▶ **HOW TO COMPLETE THIS TASK**
Can you restate the lines of the entries below, word for word, from the first one through the line that includes "- (\<Sum>k<nI. B1"?

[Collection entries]
lemma drift_eq_flow_rate_repr:
  assumes tree: "is_tree nI nJ E" and repr: "flow_rate_repr {..<nI} {..<nJ} E \<mu> B1 B2"
    and act: "actU nI nJ uc us" and i: "i < nI"
  shows "drift nI nJ E \<mu> \<gamma> ell x uc us i =
     - (\<Sum>k<nI. B1 i k * (x k - pospart (esum nI x) * uc k))
     + negpart (esum nI x) * (\<Sum>j<nJ. B2 i j * us j)
     - pospart (esum nI x) * \<gamma> i * uc i + ell i"
proof -
  define p where "p = pospart (esum nI x)"
  define q where "q = negpart (esum nI x)"
  define \<alpha> where "\<alpha> k = x k - p * uc k" for k
  define \<beta> where "\<beta> j = - q * us j" for j
  have "sum \<alpha> {..<nI} = esum nI x - p"
    using act by (simp add: \<alpha>_def actU_def esum_def sum_subtractf sum_distrib_left[symmetric])
  also have "\<dots> = - q"
    by (simp add: p_def q_def pospart_def negpart_def)
  also have "\<dots> = sum \<beta> {..<nJ}"
    using act by (simp add: \<beta>_def actU_def esum_def sum_negf sum_distrib_left[symmetric])
  finally have flow: "is_flow {..<nI} {..<nJ} E \<alpha> \<beta> (Ghat nI nJ E uc us x)"
    unfolding Ghat_def p_def q_def \<alpha>_def \<beta>_def by (rule Gmat_is_flow[OF tree])
  have "(\<Sum>j\<in>{j. j < nJ \<and> (i, j) \<in> E}. \<mu> i j * Ghat nI nJ E uc us x i j) =
      (\<Sum>j<nJ. \<mu> i j * Ghat nI nJ E uc us x i j)"
    using flow by (intro sum.mono_neutral_left) (auto simp: is_flow_def)
  also have "\<dots> = (\<Sum>k<nI. B1 i k * \<alpha> k) + (\<Sum>j<nJ. B2 i j * \<beta> j)"
    using repr flow i unfolding flow_rate_repr_def by blast
  finally show ?thesis
    by (simp add: drift_def \<alpha>_def \<beta>_def p_def q_def sum_distrib_left sum_negf algebra_simps)
qed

▶ **OUTPUT FOR THIS EXERCISE**
lemma drift_eq_flow_rate_repr:
  assumes tree: "is_tree nI nJ E" and repr: "flow_rate_repr {..<nI} {..<nJ} E \<mu> B1 B2"
    and act: "actU nI nJ uc us" and i: "i < nI"
  shows "drift nI nJ E \<mu> \<gamma> ell x uc us i =
     - (\<Sum>k<nI. B1 i k * (x k - pospart (esum nI x) * uc k))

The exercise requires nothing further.